The train is intangible as long as it moves, the snow, the people, the animals, the motorcars, they are all pulverized if they don’t get out of the way. Come to think of it, the engineer doesn't have any responsibilities either, if he sees you on the rails, it's already too late to matter. What an adrenaline rush, smashing cars on the railway. Shitty salary, of course, but those days when you slap a minibus around must be worth it. I can see him opening his little window and swearing at the people jumping left and right in little pieces: "Damn commuters, next time take the train". Where else do you get the opportunity to literally smash your competition. Cheers of joy and approval coming from behind “Yes sir, they deserved it, why where they on the railway in the first place”.
The train goes slowly towards our Moldavian brothers or our Moldavian cousins or our Moldavian racketeering uncles. I have nothing against our neighbors, the Moldavian drunks, and the Moldavian ladies aren’t bad either. So towards them, towards our Moldavians. And these Moldavian chicks look at my seat with longing, it’s the only empty seat in this whole stinking train. These red-haired girls decide that it's not so bad to sit with shit at their backs and they convince themselves, that they will not lean backwards, that they will sit firmly on their buttocks for several hundred kilometers paying attention to an exercise in posture. One of them comes to me and asks me shyly, pressed, confidentially, so that none of the others can hear, if the seat is free. I smile, nod my head up and down, and answer "no". I can’t remember where I heard Russians nod like this when saying “no”, but I was wrong because this confused girl sat on my chair anyway and assumed the stiff back position. I wanted to tell her that the seat was indeed taken, but that would mean I'm somewhat of an ass-hat, and no one wants to admit that to himself.
Reconciled with the lost seat I start having a better look at those seated next to me. Tough hands sit on the chairs next to me, worked hands, sunburned, muscles gained through work sit next to me. Veins from sun-baked hands sit next to me.
An old man is huddled together with two others, three of them on two seats. He sits with his cap on one side, you'd say he's a sailor if we weren't so far from the sea. The old man is slender and looks tougher than the young moujiks next to him. They’re construction workers, they insulate communist apartment buildings during the week and return home on weekends. The capital demands heavy hands for good money and these men break their backs on scaffolding for it.
The old man has faded blue eyes and a sort of finality in him. It seems to me that his back held him up right just enough to get himself seated, that once seated he got stuck in the soft fake skin of the chair. A chair presumably without goose shit on it. That's just a guess, because I didn't get to see their chairs, they were all seated when I showed up. I think someone put a goose over the chairs on the luggage rack and from there “bombs away” on my backrest.
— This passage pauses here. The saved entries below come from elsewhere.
(* Let $A$ be a noetherian ring, complete with respect to an ideal $I$, and let $f\in A$ be a non-zero divisor, defining the principal Cartier divisor $\mathcal{Z}=V(f)\subseteq\mathcal{U}:=\operatorname{Spf}A$. For $m\ge0$ set $U_m:=\operatorname{Spec}A/I^m$. Let $k\ge1$ be such that $I^{m+k}\cap(f)=I^m\,(I^k\cap(f))$ for all $m\ge0$. Then: (1) For every $m\ge1$ and every $h\in A$ with $(h)+I^{m+k}=(f)+I^{m+k}$, there is a unit $t\in A^\times$ with $h-tf\in I^{m+k}$; in particular $tf$ is a generator of $(f)$ lifting $h$ modulo $I^{m+k}$. Consequently, any two such elements $h,h'$ satisfy $h'\equiv vh\pmod{I^{m+k}}$ for some unit $v\in A^\times$. (2) If $g\in A$ is a non-zero divisor with $(g)+I^{k+1}=(f)+I^{k+1}$, then $I^{m+k}\cap(g)=I^m\,(I^k\cap(g))$ for all $m\ge0$. (3) Every Cartier divisor $\mathcal{Z}'\subseteq\mathcal{U}$ with $\mathcal{Z}'\cap U_{k+1}=\mathcal{Z}\cap U_{k+1}$ is principal, i.e. of the form $V(g)$ for a non-zero divisor $g\in A$.
   Context: A Cartier divisor in $\mathcal{U}=\operatorname{Spf}A$ is a closed formal subscheme which, on the members of some open covering of $\mathcal{U}$ by affine formal schemes $\operatorname{Spf}A_i$, is defined by a single non-zero divisor of $A_i$. Such $k$ exists by the Artin–Rees lemma. *)

theory Defs
  imports Main
begin

definition is_ideal :: "'a::comm_ring_1 set \<Rightarrow> bool" where
  "is_ideal J \<longleftrightarrow> 0 \<in> J \<and> (\<forall>x\<in>J. \<forall>y\<in>J. x + y \<in> J) \<and> (\<forall>a. \<forall>x\<in>J. a * x \<in> J)"

definition principal_ideal :: "'a::comm_ring_1 \<Rightarrow> 'a set" where
  "principal_ideal f = {a * f | a. True}"

definition ideal_sum :: "'a::comm_ring_1 set \<Rightarrow> 'a set \<Rightarrow> 'a set" where
  "ideal_sum I J = {x + y | x y. x \<in> I \<and> y \<in> J}"

definition ideal_prod :: "'a::comm_ring_1 set \<Rightarrow> 'a set \<Rightarrow> 'a set" where
  "ideal_prod I J = {x. \<exists>(n::nat) a b. (\<forall>i<n. a i \<in> I \<and> b i \<in> J) \<and> x = (\<Sum>i<n. a i * b i)}"

fun ideal_pow :: "'a::comm_ring_1 set \<Rightarrow> nat \<Rightarrow> 'a set" where
  "ideal_pow I 0 = UNIV"
| "ideal_pow I (Suc n) = ideal_prod I (ideal_pow I n)"

definition ideal_gen :: "'a::comm_ring_1 set \<Rightarrow> 'a set" where
  "ideal_gen S = {x. \<exists>(n::nat) c s. (\<forall>i<n. s i \<in> S) \<and> x = (\<Sum>i<n. c i * s i)}"

definition non_zero_divisor :: "'a::comm_ring_1 \<Rightarrow> bool" where
  "non_zero_divisor f \<longleftrightarrow> (\<forall>a. a * f = 0 \<longrightarrow> a = 0)"

definition unit_elem :: "'a::comm_ring_1 \<Rightarrow> bool" where
  "unit_elem t \<longleftrightarrow> (\<exists>u. t * u = 1)"

definition noetherian_ring :: "'a::comm_ring_1 itself \<Rightarrow> bool" where
  "noetherian_ring _ \<longleftrightarrow> (\<forall>J::'a set. is_ideal J \<longrightarrow> (\<exists>S. finite S \<and> J = ideal_gen S))"

text \<open>A is complete (and separated) with respect to the I-adic topology.\<close>
definition adically_complete :: "'a::comm_ring_1 set \<Rightarrow> bool" where
  "adically_complete I \<longleftrightarrow>
     (\<forall>x. (\<forall>n. x \<in> ideal_pow I n) \<longrightarrow> x = 0) \<and>
     (\<forall>x::nat \<Rightarrow> 'a. (\<forall>n. x (Suc n) - x n \<in> ideal_pow I n) \<longrightarrow>
        (\<exists>y. \<forall>n. y - x n \<in> ideal_pow I n))"

section \<open>The completed localisation A_{s} = lim_n (A/I^n)_s\<close>

text \<open>An element of (A/I^n)_s is represented by a pair (a, j), meaning a / s^j.
  Two representatives are equal in (A/I^n)_s iff s^r (s^l a - s^j b) \<in> I^n for some r.\<close>

definition loc_eq :: "'a::comm_ring_1 set \<Rightarrow> 'a \<Rightarrow> nat \<Rightarrow> 'a \<times> nat \<Rightarrow> 'a \<times> nat \<Rightarrow> bool" where
  "loc_eq I s n p q \<longleftrightarrow>
     (\<exists>r. s ^ r * (s ^ snd q * fst p - s ^ snd p * fst q) \<in> ideal_pow I n)"

definition loc_add :: "'a::comm_ring_1 \<Rightarrow> 'a \<times> nat \<Rightarrow> 'a \<times> nat \<Rightarrow> 'a \<times> nat" where
  "loc_add s p q = (s ^ snd q * fst p + s ^ snd p * fst q, snd p + snd q)"

definition loc_mul :: "'a::comm_ring_1 \<times> nat \<Rightarrow> 'a \<times> nat \<Rightarrow> 'a \<times> nat" where
  "loc_mul p q = (fst p * fst q, snd p + snd q)"

text \<open>Elements of A_{s}: compatible sequences (x_n)_n, x_n \<in> (A/I^n)_s.\<close>
definition cl_elem :: "'a::comm_ring_1 set \<Rightarrow> 'a \<Rightarrow> (nat \<Rightarrow> 'a \<times> nat) \<Rightarrow> bool" where
  "cl_elem I s x \<longleftrightarrow> (\<forall>n. loc_eq I s n (x (Suc n)) (x n))"

definition cl_eq :: "'a::comm_ring_1 set \<Rightarrow> 'a \<Rightarrow> (nat \<Rightarrow> 'a \<times> nat) \<Rightarrow> (nat \<Rightarrow> 'a \<times> nat) \<Rightarrow> bool" where
  "cl_eq I s x y \<longleftrightarrow> (\<forall>n. loc_eq I s n (x n) (y n))"

definition cl_add :: "'a::comm_ring_1 \<Rightarrow> (nat \<Rightarrow> 'a \<times> nat) \<Rightarrow> (nat \<Rightarrow> 'a \<times> nat) \<Rightarrow> nat \<Rightarrow> 'a \<times> nat" where
  "cl_add s x y = (\<lambda>n. loc_add s (x n) (y n))"

definition cl_mul :: "(nat \<Rightarrow> 'a::comm_ring_1 \<times> nat) \<Rightarrow> (nat \<Rightarrow> 'a \<times> nat) \<Rightarrow> nat \<Rightarrow> 'a \<times> nat" where
  "cl_mul x y = (\<lambda>n. loc_mul (x n) (y n))"

definition cl_zero :: "nat \<Rightarrow> 'a::comm_ring_1 \<times> nat" where
  "cl_zero = (\<lambda>n. (0, 0))"

definition cl_of :: "'a::comm_ring_1 \<Rightarrow> nat \<Rightarrow> 'a \<times> nat" where
  "cl_of a = (\<lambda>n. (a, 0))"

definition cl_nzd :: "'a::comm_ring_1 set \<Rightarrow> 'a \<Rightarrow> (nat \<Rightarrow> 'a \<times> nat) \<Rightarrow> bool" where
  "cl_nzd I s x \<longleftrightarrow> (\<forall>y. cl_elem I s y \<longrightarrow> cl_eq I s (cl_mul y x) cl_zero \<longrightarrow> cl_eq I s y cl_zero)"

definition locally_principal_nzd :: "'a::comm_ring_1 set \<Rightarrow> 'a \<Rightarrow> 'a set \<Rightarrow> bool" where
  "locally_principal_nzd I s J \<longleftrightarrow>
     (\<exists>\<phi>. cl_elem I s \<phi> \<and> cl_nzd I s \<phi> \<and>
        (\<forall>j\<in>J. \<exists>c. cl_elem I s c \<and> cl_eq I s (cl_of j) (cl_mul c \<phi>)) \<and>
        (\<exists>m c js. (\<forall>i<m. cl_elem I s (c i) \<and> js i \<in> J) \<and>
           cl_eq I s \<phi> (foldr (cl_add s) (map (\<lambda>i. cl_mul (c i) (cl_of (js i))) [0..<m]) cl_zero)))"

text \<open>Cartier divisor in Spf A, given by its ideal J \<subseteq> A (closed formal subschemes of
  Spf A, A noetherian I-adically complete, correspond to ideals of A): there are
  s_1,...,s_m with D(s_i) covering Spf A (i.e. (s_1,...,s_m) + I = A) such that J is
  generated on each Spf A_{s_i} by a non-zero divisor of A_{s_i}.\<close>
definition cartier_divisor :: "'a::comm_ring_1 set \<Rightarrow> 'a set \<Rightarrow> bool" where
  "cartier_divisor I J \<longleftrightarrow> is_ideal J \<and>
     (\<exists>S. finite S \<and> ideal_sum (ideal_gen S) I = UNIV \<and>
        (\<forall>s\<in>S. locally_principal_nzd I s J))"

end

theory Submission
  imports Defs
begin

text \<open>
  For a non-zero divisor f, the Artin-Rees condition says that the I-adic order of
  x f exceeds that of x by at most k. This cancellation property survives replacing f by
  any g \<equiv> f mod I^{k+1}, and it drives all three parts.
  (1) If (h) + I^{m+k} = (f) + I^{m+k}, write h \<equiv> a f and f \<equiv> b h; then
  (1 - b a) f \<in> I^{m+k}, so 1 - b a \<in> I and a is a unit by completeness.
  (2) The Artin-Rees condition transfers from f to g by the same cancellation.
  (3) For a Cartier divisor J pick g \<in> J with g \<equiv> f mod I^{k+1}. On a chart D(s),
  J is generated by one element up to powers of s; comparing it with g shows that
  s^\<rho> j \<in> (g) + I^n for every j \<in> J. The s and I generate the unit ideal, so
  J \<subseteq> (g) + I^n for all n, and by completeness and cancellation (g) is I-adically
  closed. Hence J = (g).
\<close>

section \<open>Ideals\<close>

lemma ideal_zero: "is_ideal J \<Longrightarrow> 0 \<in> J"
  unfolding is_ideal_def by blast

lemma ideal_add: "is_ideal J \<Longrightarrow> x \<in> J \<Longrightarrow> y \<in> J \<Longrightarrow> x + y \<in> J"
  unfolding is_ideal_def by blast

lemma ideal_mult_left: "is_ideal J \<Longrightarrow> x \<in> J \<Longrightarrow> a * x \<in> J"
  unfolding is_ideal_def by blast

lemma ideal_mult_right: "is_ideal J \<Longrightarrow> x \<in> J \<Longrightarrow> x * a \<in> J"
  using ideal_mult_left[of J x a] by (simp add: mult.commute)

lemma ideal_diff: "is_ideal J \<Longrightarrow> x \<in> J \<Longrightarrow> y \<in> J \<Longrightarrow> x - y \<in> J"
  using ideal_add[of J x "(-1) * y"] ideal_mult_left[of J y "-1"] by simp

lemma sum_mem_ideal:
  assumes "is_ideal J" "\<And>i. i \<in> A \<Longrightarrow> f i \<in> J"
  shows "sum f A \<in> J"
  using assms(2)
  by (induction A rule: infinite_finite_induct) (auto intro: ideal_zero ideal_add assms(1))

lemma is_ideal_UNIV: "is_ideal UNIV"
  unfolding is_ideal_def by blast

lemma is_ideal_Int: "is_ideal A \<Longrightarrow> is_ideal B \<Longrightarrow> is_ideal (A \<inter> B)"
  unfolding is_ideal_def by blast

lemma is_ideal_colon: "is_ideal L \<Longrightarrow> is_ideal {x. x * j \<in> L}"
  unfolding is_ideal_def by (simp add: distrib_right mult.assoc)

lemma is_ideal_radical:
  assumes K: "is_ideal K"
  shows "is_ideal {x. \<exists>e. x ^ e \<in> K}"
  unfolding is_ideal_def
proof (intro conjI ballI allI)
  show "0 \<in> {x. \<exists>e. x ^ e \<in> K}"
    using ideal_zero[OF K] by (auto intro: exI[of _ 1])
next
  fix x y assume "x \<in> {x. \<exists>e. x ^ e \<in> K}" "y \<in> {x. \<exists>e. x ^ e \<in> K}"
  then obtain a b where a: "x ^ a \<in> K" and b: "y ^ b \<in> K" by blast
  \<comment> \<open>every term of the binomial expansion of (x + y)^(a+b) contains x^a or y^b\<close>
  have "x ^ i * y ^ (a + b - i) \<in> K" for i
  proof (cases "a \<le> i")
    case True
    then have "x ^ i * y ^ (a + b - i) = x ^ a * (x ^ (i - a) * y ^ (a + b - i))"
      by (metis le_add_diff_inverse mult.assoc power_add)
    then show ?thesis using ideal_mult_right[OF K a] by simp
  next
    case False
    then have "a + b - i = b + (a - i)" by simp
    then have "x ^ i * y ^ (a + b - i) = y ^ b * (x ^ i * y ^ (a - i))"
      by (simp add: ac_simps power_add)
    then show ?thesis using ideal_mult_right[OF K b] by simp
  qed
  then have "(x + y) ^ (a + b) \<in> K"
    unfolding binomial_ring by (auto intro!: sum_mem_ideal[OF K] simp: mult.assoc ideal_mult_left[OF K])
  then show "x + y \<in> {x. \<exists>e. x ^ e \<in> K}" by blast
next
  fix c x assume "x \<in> {x. \<exists>e. x ^ e \<in> K}"
  then obtain a where "x ^ a \<in> K" by blast
  then have "(c * x) ^ a \<in> K" using ideal_mult_left[OF K] by (simp add: power_mult_distrib)
  then show "c * x \<in> {x. \<exists>e. x ^ e \<in> K}" by blast
qed

lemma ideal_gen_subset:
  assumes "is_ideal R" "S \<subseteq> R"
  shows "ideal_gen S \<subseteq> R"
  using assms unfolding ideal_gen_def by (auto intro!: sum_mem_ideal ideal_mult_left)

lemma is_ideal_principal_ideal: "is_ideal (principal_ideal f)"
  unfolding is_ideal_def principal_ideal_def
proof (intro conjI ballI allI)
  show "0 \<in> {a * f |a. True}" by (auto intro: exI[of _ 0])
next
  fix x y assume "x \<in> {a * f |a. True}" "y \<in> {a * f |a. True}"
  then obtain a b where "x = a * f" "y = b * f" by blast
  then have "x + y = (a + b) * f" by (simp add: distrib_right)
  then show "x + y \<in> {a * f |a. True}" by blast
next
  fix c x assume "x \<in> {a * f |a. True}"
  then obtain a where "x = a * f" by blast
  then have "c * x = (c * a) * f" by (simp add: mult.assoc)
  then show "c * x \<in> {a * f |a. True}" by blast
qed

lemma principal_idealI: "c * f \<in> principal_ideal f"
  unfolding principal_ideal_def by blast

lemma principal_idealE: "x \<in> principal_ideal f \<Longrightarrow> (\<And>c. x = c * f \<Longrightarrow> P) \<Longrightarrow> P"
  unfolding principal_ideal_def by blast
But that happened on another trip, because now there's no trace of a goose. More than likely a  goose, but I'm not getting into that again.
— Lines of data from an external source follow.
lemma Stone_Weierstrass_exp_sum:
  fixes S :: "'b::t2_space set" and \<Lambda> :: "('b \<Rightarrow> real) set"
  assumes S: "compact S" and zero: "(\<lambda>x. 0) \<in> \<Lambda>"
    and add: "\<And>l m. l \<in> \<Lambda> \<Longrightarrow> m \<in> \<Lambda> \<Longrightarrow> (\<lambda>x. l x + m x) \<in> \<Lambda>"
    and cont: "\<And>l. l \<in> \<Lambda> \<Longrightarrow> continuous_on S l"
    and sep: "\<And>x y. x \<in> S \<Longrightarrow> y \<in> S \<Longrightarrow> x \<noteq> y \<Longrightarrow> \<exists>l\<in>\<Lambda>. l x \<noteq> l y"
    and f: "continuous_on S f" and e: "e > 0"
  shows "\<exists>L. snd ` set L \<subseteq> \<Lambda> \<and> (\<forall>x\<in>S. \<bar>f x - exp_sum L x\<bar> < e)"
proof -
  define P where "P g \<longleftrightarrow> (\<exists>L. snd ` set L \<subseteq> \<Lambda> \<and> g = exp_sum L)" for g
  have "\<exists>g. P g \<and> (\<forall>x\<in>S. \<bar>f x - g x\<bar> < e)"
  proof (rule Stone_Weierstrass_HOL[OF S _ _ _ _ _ f e])
    show "P (\<lambda>x. c)" for c unfolding P_def using zero by (intro exI[of _ "[(c, \<lambda>x. 0)]"]) auto
    show "continuous_on S g" if "P g" for g
      using that cont unfolding P_def by (auto intro!: continuous_on_exp_sum)
    show "P (\<lambda>x. g x + h x)" if gh: "P g \<and> P h" for g h
    proof -
      obtain L M where "snd ` set L \<subseteq> \<Lambda>" "g = exp_sum L" "snd ` set M \<subseteq> \<Lambda>" "h = exp_sum M"
        using gh unfolding P_def by blast
      then show ?thesis unfolding P_def by (intro exI[of _ "L @ M"]) (auto simp: exp_sum_append)
    qed
    show "P (\<lambda>x. g x * h x)" if gh: "P g \<and> P h" for g h
    proof -
      obtain L M where "snd ` set L \<subseteq> \<Lambda>" "g = exp_sum L" "snd ` set M \<subseteq> \<Lambda>" "h = exp_sum M"
        using gh unfolding P_def by blast
      moreover have "snd ` set (exp_sum_product L M) \<subseteq> \<Lambda>" if "snd ` set L \<subseteq> \<Lambda>" "snd ` set M \<subseteq> \<Lambda>"
        using that add unfolding exp_sum_product_def by (force split: prod.splits)
      ultimately show ?thesis unfolding P_def by (auto simp: exp_sum_times)
    qed
    show "\<exists>g. P g \<and> g x \<noteq> g y" if xy: "x \<in> S \<and> y \<in> S \<and> x \<noteq> y" for x y
    proof -
      obtain l where "l \<in> \<Lambda>" "l x \<noteq> l y" using sep xy by blast
      then show ?thesis unfolding P_def by (intro exI[of _ "exp_sum [(1, l)]"] conjI exI[of _ "[(1, l)]"]) auto
    qed
  qed
  then show ?thesis unfolding P_def by blast
qed

definition ridge_net :: "(real \<Rightarrow> real) \<Rightarrow> (real \<times> 'a::real_inner \<times> real) list \<Rightarrow> 'a \<Rightarrow> real" where
  "ridge_net \<sigma> U x = (\<Sum>(a, w, b)\<leftarrow>U. a * \<sigma> (w \<bullet> x + b))"

lemma ridge_net_append: "ridge_net \<sigma> (U @ U') x = ridge_net \<sigma> U x + ridge_net \<sigma> U' x"
  by (simp add: ridge_net_def)

lemma ridge_net_shallow_net:
  "ridge_net \<sigma> (map (\<lambda>(v, a, b). (v, a *\<^sub>R w, b)) V) x = shallow_net \<sigma> V (w \<bullet> x)"
  by (induction V) (auto simp: ridge_net_def shallow_net_def)

lemma continuous_on_ridge_net:
  assumes "continuous_on UNIV \<sigma>"
  shows "continuous_on X (ridge_net \<sigma> U)"
proof (induction U)
  case (Cons a U)
  obtain c w b where "a = (c, w, b)" by (cases a) auto
  with Cons show ?case
    by (auto simp: ridge_net_def intro!: continuous_intros continuous_on_compose2[OF assms])
qed (simp add: ridge_net_def)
A thread of light penetrates through the curtains and falls on the eyes of the young worker next to the window. Gramps takes off his cap, revealing a thick bald spot, and puts it over the lad nailed by the light beam.
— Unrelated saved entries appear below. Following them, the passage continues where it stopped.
(* Consider the Markov-chain trace semantics of an APPL program $\langle\mathcal{D},S_{\mathsf{main}}\rangle$, fix $m\in\mathbb{N}$, and let $\phi:\Sigma\to\mathcal{M}_{\mathcal{I}}^{(m)}$ be an expected-potential function. Define $\mathbf{\Phi}_n(\omega)=\phi(\omega_n)$ and $\mathbf{Y}_n(\omega)=\langle[A_n(\omega)^k,A_n(\omega)^k]\rangle_{0\le k\le m}\otimes\mathbf{\Phi}_n(\omega)$, where $A_n(\omega)=\alpha_n$ for $\omega_n=\langle\_,\_,\_,\alpha_n\rangle$. Then for all $n\in\mathbb{Z}_{\ge0}$, $\mathbb{E}[\mathbf{Y}_{n+1}\mid\mathcal{F}_n]\sqsubseteq\mathbf{Y}_n$ almost surely.
   Context: APPL: fix a finite set $\mathsf{VID}$ of real-valued program variables and a finite set $\mathsf{FID}$ of function identifiers. Expressions $E::=x\mid c\mid E_1+E_2\mid E_1*E_2$; conditions $L::=\mathsf{true}\mid\neg L\mid L_1\wedge L_2\mid E_1\le E_2$; each distribution $D$ (e.g. $\mathsf{uniform}(a,b)$, $a<b$) has a probability measure $\mu_D$ on $\mathbb{R}$; statements $S::=\mathsf{skip}\mid\mathsf{tick}(c)\mid x:=E\mid x\sim D\mid\mathsf{call}\ f\mid\mathsf{while}\ L\ \mathsf{do}\ S\mid\mathsf{if}\ \mathsf{prob}(p)\ \mathsf{then}\ S_1\ \mathsf{else}\ S_2\mid\mathsf{if}\ L\ \mathsf{then}\ S_1\ \mathsf{else}\ S_2\mid S_1;S_2$ with $c\in\mathbb{R}$, $p\in[0,1]$. A program is $\langle\mathcal{D},S_{\mathsf{main}}\rangle$ with $\mathcal{D}$ a finite map from $\mathsf{FID}$ to statements. Continuations $K::=\mathsf{Kstop}\mid\mathsf{Kloop}(L,S,K)\mid\mathsf{Kseq}(S,K)$. A configuration is $\sigma=\langle\gamma,S,K,\alpha\rangle$ with $\gamma:\mathsf{VID}\to\mathbb{R}$ and cost accumulator $\alpha\in\mathbb{R}$; $\Sigma$ is the measurable space of configurations. One-step evaluation is the probability kernel $\sigma\mapsto{\mapsto}(\sigma)$: $\langle\gamma,\mathsf{skip},\mathsf{Kstop},\alpha\rangle\mapsto\delta(\text{itself})$; $\langle\gamma,\mathsf{skip},\mathsf{Kloop}(L,S,K),\alpha\rangle\mapsto\delta(\langle\gamma,S,\mathsf{Kloop}(L,S,K),\alpha\rangle)$ if $\gamma(L)$ true, else $\delta(\langle\gamma,\mathsf{skip},K,\alpha\rangle)$; $\langle\gamma,\mathsf{skip},\mathsf{Kseq}(S,K),\alpha\rangle\mapsto\delta(\langle\gamma,S,K,\alpha\rangle)$; $\langle\gamma,\mathsf{tick}(c),K,\alpha\rangle\mapsto\delta(\langle\gamma,\mathsf{skip},K,\alpha+c\rangle)$; $\langle\gamma,x:=E,K,\alpha\rangle\mapsto\delta(\langle\gamma[x\mapsto\gamma(E)],\mathsf{skip},K,\alpha\rangle)$; $\langle\gamma,x\sim D,K,\alpha\rangle\mapsto$ law of $\langle\gamma[x\mapsto r],\mathsf{skip},K,\alpha\rangle$ with $r\sim\mu_D$; $\langle\gamma,\mathsf{call}\ f,K,\alpha\rangle\mapsto\delta(\langle\gamma,\mathcal{D}(f),K,\alpha\rangle)$; probabilistic branch $\mapsto p\,\delta(\langle\gamma,S_1,K,\alpha\rangle)+(1-p)\,\delta(\langle\gamma,S_2,K,\alpha\rangle)$; conditional $\mapsto\delta(\langle\gamma,S_1,K,\alpha\rangle)$ or $\delta(\langle\gamma,S_2,K,\alpha\rangle)$ according to $\gamma(L)$; $\langle\gamma,\mathsf{while}\ L\ \mathsf{do}\ S,K,\alpha\rangle\mapsto\delta(\langle\gamma,\mathsf{skip},\mathsf{Kloop}(L,S,K),\alpha\rangle)$; $\langle\gamma,S_1;S_2,K,\alpha\rangle\mapsto\delta(\langle\gamma,S_1,\mathsf{Kseq}(S_2,K),\alpha\rangle)$. Trace semantics: $\Omega=\Sigma^{\mathbb{Z}_{\ge0}}$ with product $\sigma$-algebra, coordinate filtration $\mathcal{F}_n=\sigma(\omega_0,\dots,\omega_n)$, and $\mathbb{P}$ the law of the Markov chain started at $\langle\lambda\_.0,S_{\mathsf{main}},\mathsf{Kstop},0\rangle$ with kernel $\mapsto$. Interval semiring $\mathcal{I}$: intervals $[a,b]$ ($a\le b$) with $[a,b]+_{\mathcal{I}}[c,d]=[a+c,b+d]$, $[a,b]\cdot_{\mathcal{I}}[c,d]=[\min S,\max S]$, $S=\{ac,ad,bc,bd\}$, ordered by inclusion. $\mathcal{M}_{\mathcal{I}}^{(m)}$: vectors $\langle u_k\rangle_{0\le k\le m}$ of intervals with pointwise $\oplus$, product $\langle u_k\rangle\otimes\langle v_k\rangle=\langle\sum_{i=0}^k\binom{k}{i}\times(u_i\cdot_{\mathcal{I}}v_{k-i})\rangle_{0\le k\le m}$, unit $\underline{1}=\langle[1,1],[0,0],\dots,[0,0]\rangle$, and order $\sqsubseteq$ = pointwise inclusion. Expectations of such vectors are taken componentwise on endpoints. An expected-potential function is a measurable $\phi:\Sigma\to\mathcal{M}_{\mathcal{I}}^{(m)}$ with (i) $\phi(\sigma)=\underline{1}$ if $\sigma=\langle\_,\mathsf{skip},\mathsf{Kstop},\_\rangle$, and (ii) for all $\sigma=\langle\_,\_,\_,\alpha\rangle\in\Sigma$, $\phi(\sigma)\sqsupseteq\mathbb{E}_{\sigma'\sim{\mapsto}(\sigma)}\big[\langle[(\alpha'-\alpha)^k,(\alpha'-\alpha)^k]\rangle_{0\le k\le m}\otimes\phi(\sigma')\big]$ where $\sigma'=\langle\_,\_,\_,\alpha'\rangle$. *)

theory Defs
  imports "HOL-Probability.Probability"
begin

text \<open>'v = VID (program variables), 'f = FID (function identifiers),
  'd = syntax of distributions (interpreted by a map mu :: 'd => real measure).\<close>

datatype 'v expr = EVar 'v | EConst real | EPlus "'v expr" "'v expr" | ETimes "'v expr" "'v expr"

datatype 'v cond = LTrue | LNot "'v cond" | LAnd "'v cond" "'v cond" | LLe "'v expr" "'v expr"

datatype ('v, 'f, 'd) stmt =
    SSkip
  | STick real
  | SAssign 'v "'v expr"
  | SSample 'v 'd
  | SCall 'f
  | SWhile "'v cond" "('v, 'f, 'd) stmt"
  | SProbIf real "('v, 'f, 'd) stmt" "('v, 'f, 'd) stmt"
  | SIf "'v cond" "('v, 'f, 'd) stmt" "('v, 'f, 'd) stmt"
  | SSeq "('v, 'f, 'd) stmt" "('v, 'f, 'd) stmt"

datatype ('v, 'f, 'd) cont =
    Kstop
  | Kloop "'v cond" "('v, 'f, 'd) stmt" "('v, 'f, 'd) cont"
  | Kseq "('v, 'f, 'd) stmt" "('v, 'f, 'd) cont"

fun wf_stmt :: "('v, 'f, 'd) stmt \<Rightarrow> bool" where
  "wf_stmt (SWhile L S) = wf_stmt S"
| "wf_stmt (SProbIf p S1 S2) = (0 \<le> p \<and> p \<le> 1 \<and> wf_stmt S1 \<and> wf_stmt S2)"
| "wf_stmt (SIf L S1 S2) = (wf_stmt S1 \<and> wf_stmt S2)"
| "wf_stmt (SSeq S1 S2) = (wf_stmt S1 \<and> wf_stmt S2)"
| "wf_stmt _ = True"

fun eval_expr :: "('v \<Rightarrow> real) \<Rightarrow> 'v expr \<Rightarrow> real" where
  "eval_expr \<gamma> (EVar x) = \<gamma> x"
| "eval_expr \<gamma> (EConst c) = c"
| "eval_expr \<gamma> (EPlus e1 e2) = eval_expr \<gamma> e1 + eval_expr \<gamma> e2"
| "eval_expr \<gamma> (ETimes e1 e2) = eval_expr \<gamma> e1 * eval_expr \<gamma> e2"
“Is that better?”, he asked.
“Thanks pops”.
The old man dries up a one-liter bottle of beer and tosses it in a saddlebag between his legs like a well-done thing. Then, still with his hand in the saddlebag, he secretly takes out a bottle of colored spirits, washing his mouth with it he then passes it along to the fellow next to him. A boy with ripped knee jeans takes a mouthful and a glaze moves over his eyes. He rubs his face and smiles at the old man. The old man winks at him and nods to pass it along. To their right by the window in a half-open hoodie with no T-shirt on is the lad who was trying to take a catnap. The unshaven man takes a eager mouthful and wakes up immediately jumping on his feet.
The liquor tickles their tongues and makes them talk.
In front of them, next to the chair that would have been mine, is the fourth scaffolder, he is sweating with his hair glued to his forehead. I've never seen a man with so many muscles have a more embarrassed look on his face. More robust than the others, he had broad shoulders and his nose was broken to the right. His nose made him ugly and gave him a hissing breath. He licked his upper lip when he spoke, but preferred to be silent. The old man did not hand him the talkative liquor, he took another swill and put it half empty back in the bag.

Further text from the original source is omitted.